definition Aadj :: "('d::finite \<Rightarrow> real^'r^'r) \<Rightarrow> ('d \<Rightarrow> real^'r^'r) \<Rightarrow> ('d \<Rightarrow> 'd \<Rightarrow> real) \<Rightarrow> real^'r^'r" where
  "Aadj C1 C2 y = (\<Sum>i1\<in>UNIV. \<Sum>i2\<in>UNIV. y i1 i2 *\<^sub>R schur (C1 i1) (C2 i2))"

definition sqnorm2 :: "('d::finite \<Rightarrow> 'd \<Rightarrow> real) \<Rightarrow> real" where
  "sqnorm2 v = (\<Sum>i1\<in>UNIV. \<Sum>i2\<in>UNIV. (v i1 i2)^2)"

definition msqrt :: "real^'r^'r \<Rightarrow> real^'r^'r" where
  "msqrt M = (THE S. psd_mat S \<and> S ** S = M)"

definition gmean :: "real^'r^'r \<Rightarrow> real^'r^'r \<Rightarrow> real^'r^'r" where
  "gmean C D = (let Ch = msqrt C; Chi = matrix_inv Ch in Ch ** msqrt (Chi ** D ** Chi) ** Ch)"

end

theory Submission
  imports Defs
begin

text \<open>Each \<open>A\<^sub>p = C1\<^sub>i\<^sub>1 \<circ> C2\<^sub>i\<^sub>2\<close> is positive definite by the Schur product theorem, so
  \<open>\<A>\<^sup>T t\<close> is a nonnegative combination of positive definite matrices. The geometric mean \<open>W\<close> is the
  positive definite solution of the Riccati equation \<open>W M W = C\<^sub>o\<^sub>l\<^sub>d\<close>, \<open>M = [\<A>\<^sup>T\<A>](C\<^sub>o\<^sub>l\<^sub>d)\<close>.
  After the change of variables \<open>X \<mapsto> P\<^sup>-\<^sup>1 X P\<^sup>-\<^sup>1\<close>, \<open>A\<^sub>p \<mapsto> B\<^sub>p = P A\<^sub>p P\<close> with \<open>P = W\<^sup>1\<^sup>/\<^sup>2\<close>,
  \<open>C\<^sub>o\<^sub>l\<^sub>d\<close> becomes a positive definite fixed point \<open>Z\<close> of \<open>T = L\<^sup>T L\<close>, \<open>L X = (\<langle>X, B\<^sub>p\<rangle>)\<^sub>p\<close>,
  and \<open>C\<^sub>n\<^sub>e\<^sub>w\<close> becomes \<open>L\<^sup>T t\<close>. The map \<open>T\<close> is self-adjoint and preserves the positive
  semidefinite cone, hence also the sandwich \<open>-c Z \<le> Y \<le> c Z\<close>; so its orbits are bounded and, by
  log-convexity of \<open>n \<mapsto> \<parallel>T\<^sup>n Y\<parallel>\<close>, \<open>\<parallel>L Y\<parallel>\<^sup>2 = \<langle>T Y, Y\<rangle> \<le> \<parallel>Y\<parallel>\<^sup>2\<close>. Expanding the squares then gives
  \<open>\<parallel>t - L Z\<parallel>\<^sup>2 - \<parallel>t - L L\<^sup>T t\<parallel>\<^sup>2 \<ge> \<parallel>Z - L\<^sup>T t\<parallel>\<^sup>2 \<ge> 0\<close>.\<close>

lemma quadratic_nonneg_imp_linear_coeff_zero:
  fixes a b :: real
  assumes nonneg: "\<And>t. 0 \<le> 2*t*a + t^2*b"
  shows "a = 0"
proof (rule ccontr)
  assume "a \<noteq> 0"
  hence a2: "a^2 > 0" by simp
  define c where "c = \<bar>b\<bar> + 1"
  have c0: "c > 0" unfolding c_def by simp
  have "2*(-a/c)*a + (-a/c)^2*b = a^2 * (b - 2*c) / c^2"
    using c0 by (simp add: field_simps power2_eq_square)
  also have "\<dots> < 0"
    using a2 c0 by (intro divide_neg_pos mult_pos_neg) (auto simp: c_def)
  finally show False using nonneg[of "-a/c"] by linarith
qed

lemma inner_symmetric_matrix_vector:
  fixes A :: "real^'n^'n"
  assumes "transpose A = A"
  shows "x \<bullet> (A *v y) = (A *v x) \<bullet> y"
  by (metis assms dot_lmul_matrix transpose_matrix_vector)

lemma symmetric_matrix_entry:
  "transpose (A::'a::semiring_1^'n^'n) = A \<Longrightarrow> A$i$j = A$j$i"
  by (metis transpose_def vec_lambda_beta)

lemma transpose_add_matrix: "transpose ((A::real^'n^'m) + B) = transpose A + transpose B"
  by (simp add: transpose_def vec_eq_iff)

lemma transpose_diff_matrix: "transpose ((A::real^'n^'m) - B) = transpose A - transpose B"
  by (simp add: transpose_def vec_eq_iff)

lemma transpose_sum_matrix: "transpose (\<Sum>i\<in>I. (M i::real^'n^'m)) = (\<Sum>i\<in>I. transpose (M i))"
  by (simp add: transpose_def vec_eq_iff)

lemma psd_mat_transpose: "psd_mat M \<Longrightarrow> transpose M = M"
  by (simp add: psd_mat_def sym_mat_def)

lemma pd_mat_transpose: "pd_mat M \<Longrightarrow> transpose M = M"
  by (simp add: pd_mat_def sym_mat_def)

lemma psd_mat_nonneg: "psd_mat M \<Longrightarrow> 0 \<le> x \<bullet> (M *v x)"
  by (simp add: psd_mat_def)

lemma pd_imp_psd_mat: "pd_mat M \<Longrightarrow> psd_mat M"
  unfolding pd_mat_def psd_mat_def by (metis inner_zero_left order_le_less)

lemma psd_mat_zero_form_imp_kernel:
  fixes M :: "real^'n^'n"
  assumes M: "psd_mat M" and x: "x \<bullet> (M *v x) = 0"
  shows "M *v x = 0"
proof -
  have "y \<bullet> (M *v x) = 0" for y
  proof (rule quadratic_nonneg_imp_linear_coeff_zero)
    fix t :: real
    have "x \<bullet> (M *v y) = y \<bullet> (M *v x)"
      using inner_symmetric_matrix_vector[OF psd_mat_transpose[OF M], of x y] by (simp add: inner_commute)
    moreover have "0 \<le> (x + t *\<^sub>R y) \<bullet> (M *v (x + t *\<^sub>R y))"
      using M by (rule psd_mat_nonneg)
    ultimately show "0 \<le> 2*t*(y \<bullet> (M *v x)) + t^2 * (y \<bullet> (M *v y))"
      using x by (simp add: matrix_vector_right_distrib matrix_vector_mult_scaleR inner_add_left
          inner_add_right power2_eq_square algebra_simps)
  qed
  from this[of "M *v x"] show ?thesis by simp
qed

● Assignment:
Starting at the line that contains "y) = y \<bullet>", copy each line exactly through the end of the listing above. Include that first line and the last one, and add nothing.

● Expected answer:
    have "x \<bullet> (M *v y) = y \<bullet> (M *v x)"
      using inner_symmetric_matrix_vector[OF psd_mat_transpose[OF M], of x y] by (simp add: inner_commute)
    moreover have "0 \<le> (x + t *\<^sub>R y) \<bullet> (M *v (x + t *\<^sub>R y))"
      using M by (rule psd_mat_nonneg)
    ultimately show "0 \<le> 2*t*(y \<bullet> (M *v x)) + t^2 * (y \<bullet> (M *v y))"
      using x by (simp add: matrix_vector_right_distrib matrix_vector_mult_scaleR inner_add_left
          inner_add_right power2_eq_square algebra_simps)
  qed
  from this[of "M *v x"] show ?thesis by simp
qed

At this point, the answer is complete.